• **Exercise**
For each line of the listing below that contains the string "connected", copy the line.

• **Material provided**
[Start of section]
(* Let $S$ be a TBLS search with strict partial order $\prec_S$ on $P_f(\mathbb{N}^+)$, and let $G=(V,E)$ be a graph. An ordering $\sigma$ of $V$ is an $S$-ordering of $G$ if and only if for every $x,y\in V$ with $x<_\sigma y$ we have $N_\sigma(x,x)\not\prec_S N_\sigma(y,x)$.
   Context: Let $G=(V,E)$ be a finite (not necessarily connected) undirected graph with $n$ vertices; $N(v)$ denotes the set of neighbours of $v$. An ordering of $V$ is a bijection $\sigma:\{1,\dots,n\}\to V$; $\sigma(i)$ is the $i$th vertex and $x<_\sigma y$ means $\sigma^{-1}(x)<\sigma^{-1}(y)$. $P_f(\mathbb{N}^+)$ is the set of finite subsets of the positive integers. Given a strict partial order $\prec$ on $P_f(\mathbb{N}^+)$ and an ordering $\tau$ of $V$, the Tie-Breaking Label Search $\mathrm{TBLS}(G,\prec,\tau)$ is the procedure: set $label(v)=\emptyset$ for every $v$; for $i=1,\dots,n$: let Eligible be the set of unnumbered vertices $x$ such that there is no unnumbered vertex $y$ with $label(x)\prec label(y)$; let $v$ be the first vertex of Eligible in the ordering $\tau$; set $\sigma(i)=v$ ($v$ becomes numbered); for every unnumbered neighbour $w$ of $v$ replace $label(w)$ by $label(w)\cup\{i\}$. The output is $\sigma$. A TBLS search $S$ is specified by a strict partial order $\prec_S$ on $P_f(\mathbb{N}^+)$; an ordering $\sigma$ of $V$ is an $S$-ordering of $G$ if $\sigma=\mathrm{TBLS}(G,\prec_S,\tau)$ for some ordering $\tau$ of $V$. For vertices $u,v$ and an ordering $\sigma$, $N_\sigma(u,v)=\{i : \sigma(i)\in N(u)\text{ and }\sigma(i)<_\sigma v\}$. *)

theory Defs
  imports Main
begin

definition graph :: "'a set \<Rightarrow> ('a \<Rightarrow> 'a \<Rightarrow> bool) \<Rightarrow> bool" where
  "graph V E \<longleftrightarrow> finite V \<and> (\<forall>x y. E x y \<longrightarrow> x \<in> V \<and> y \<in> V)
     \<and> (\<forall>x y. E x y \<longrightarrow> E y x) \<and> (\<forall>x. \<not> E x x)"
(* Let $\Omega\subset\mathbb{R}^n$ be a bounded, connected open set, let $\varphi\in\Phi_w(\Omega)$ and let $u\in LD_{\rm loc}(\Omega)$. Then $$\widetilde{V}^{n\times n}_\varphi(Eu)\le\|\mathcal{E}u\|_{(L^{\varphi^*}(\Omega;\mathbb{R}^{n\times n}))'}.$$ If moreover $C^1_c(\Omega;\mathbb{R}^{n\times n})$ is dense in $L^{\varphi^*}(\Omega;\mathbb{R}^{n\times n})$, then $\widetilde{V}^{n\times n}_\varphi(Eu)=\|\mathcal{E}u\|_{(L^{\varphi^*}(\Omega;\mathbb{R}^{n\times n}))'}$.
   Context: A weak $\Phi$-function on $\Omega$ ($\varphi\in\Phi_w(\Omega)$) is a function $\varphi:\Omega\times[0,\infty)\to[0,\infty]$ such that: $x\mapsto\varphi(x,|f(x)|)$ is measurable for every measurable $f$; $t\mapsto\varphi(x,t)$ is non-decreasing for every $x$; $\varphi(x,0)=\lim_{t\to0^+}\varphi(x,t)=0$ and $\lim_{t\to\infty}\varphi(x,t)=\infty$ for every $x$; there is $L\ge1$ independent of $x$ with $\varphi(x,s)/s\le L\,\varphi(x,t)/t$ for $0<s\le t$. The conjugate is $\varphi^*(x,t)=\sup_{s\ge0}(st-\varphi(x,s))$; $\|f\|_{\varphi^*}=\inf\{\lambda>0:\int_\Omega\varphi^*(x,|f|/\lambda)dx\le1\}$ for measurable $f$ (with $|\cdot|$ the Frobenius norm for matrices), and $L^{\varphi^*}(\Omega;\mathbb{R}^{n\times n})$ is the space of measurable matrix fields with finite $\|\cdot\|_{\varphi^*}$. $LD_{\rm loc}(\Omega)=\{u\in L^1_{\rm loc}(\Omega;\mathbb{R}^n): Eu\in L^1_{\rm loc}(\Omega;\mathbb{R}^{n\times n}_{\rm sym})\}$, where $Eu=\frac12(Du+Du^T)$ is the distributional symmetric gradient, and $\mathcal{E}u$ denotes its density (so $Eu=\mathcal{E}u\,\mathcal{L}^n$). For a matrix field $g$, the associate norm is $\|g\|_{(L^{\varphi^*}(\Omega;\mathbb{R}^{n\times n}))'}=\sup\{\int_\Omega|g|\,v\,dx: v\text{ measurable},\ \|v\|_{\varphi^*}\le1\}$. For $v\in\mathcal{M}(\Omega;\mathbb{R}^{n\times n}_{\rm sym})$ (or $v\in L^1_{\rm loc}$ viewed as a measure), $\widetilde{V}^{n\times n}_\varphi(v)=\sup\{\int_\Omega\psi:dv:\psi\in C^1_c(\Omega;\mathbb{R}^{n\times n}_{\rm sym}),\|\psi\|_{\varphi^*}\le1\}$, $A:B=\mathrm{tr}(AB^T)$. *)

theory Defs
  imports "HOL-Analysis.Analysis"
begin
[End of section]
• **Response area**
   Context: Let $G=(V,E)$ be a finite (not necessarily connected) undirected graph with $n$ vertices; $N(v)$ denotes the set of neighbours of $v$. An ordering of $V$ is a bijection $\sigma:\{1,\dots,n\}\to V$; $\sigma(i)$ is the $i$th vertex and $x<_\sigma y$ means $\sigma^{-1}(x)<\sigma^{-1}(y)$. $P_f(\mathbb{N}^+)$ is the set of finite subsets of the positive integers. Given a strict partial order $\prec$ on $P_f(\mathbb{N}^+)$ and an ordering $\tau$ of $V$, the Tie-Breaking Label Search $\mathrm{TBLS}(G,\prec,\tau)$ is the procedure: set $label(v)=\emptyset$ for every $v$; for $i=1,\dots,n$: let Eligible be the set of unnumbered vertices $x$ such that there is no unnumbered vertex $y$ with $label(x)\prec label(y)$; let $v$ be the first vertex of Eligible in the ordering $\tau$; set $\sigma(i)=v$ ($v$ becomes numbered); for every unnumbered neighbour $w$ of $v$ replace $label(w)$ by $label(w)\cup\{i\}$. The output is $\sigma$. A TBLS search $S$ is specified by a strict partial order $\prec_S$ on $P_f(\mathbb{N}^+)$; an ordering $\sigma$ of $V$ is an $S$-ordering of $G$ if $\sigma=\mathrm{TBLS}(G,\prec_S,\tau)$ for some ordering $\tau$ of $V$. For vertices $u,v$ and an ordering $\sigma$, $N_\sigma(u,v)=\{i : \sigma(i)\in N(u)\text{ and }\sigma(i)<_\sigma v\}$. *)
(* Let $\Omega\subset\mathbb{R}^n$ be a bounded, connected open set, let $\varphi\in\Phi_w(\Omega)$ and let $u\in LD_{\rm loc}(\Omega)$. Then $$\widetilde{V}^{n\times n}_\varphi(Eu)\le\|\mathcal{E}u\|_{(L^{\varphi^*}(\Omega;\mathbb{R}^{n\times n}))'}.$$ If moreover $C^1_c(\Omega;\mathbb{R}^{n\times n})$ is dense in $L^{\varphi^*}(\Omega;\mathbb{R}^{n\times n})$, then $\widetilde{V}^{n\times n}_\varphi(Eu)=\|\mathcal{E}u\|_{(L^{\varphi^*}(\Omega;\mathbb{R}^{n\times n}))'}$.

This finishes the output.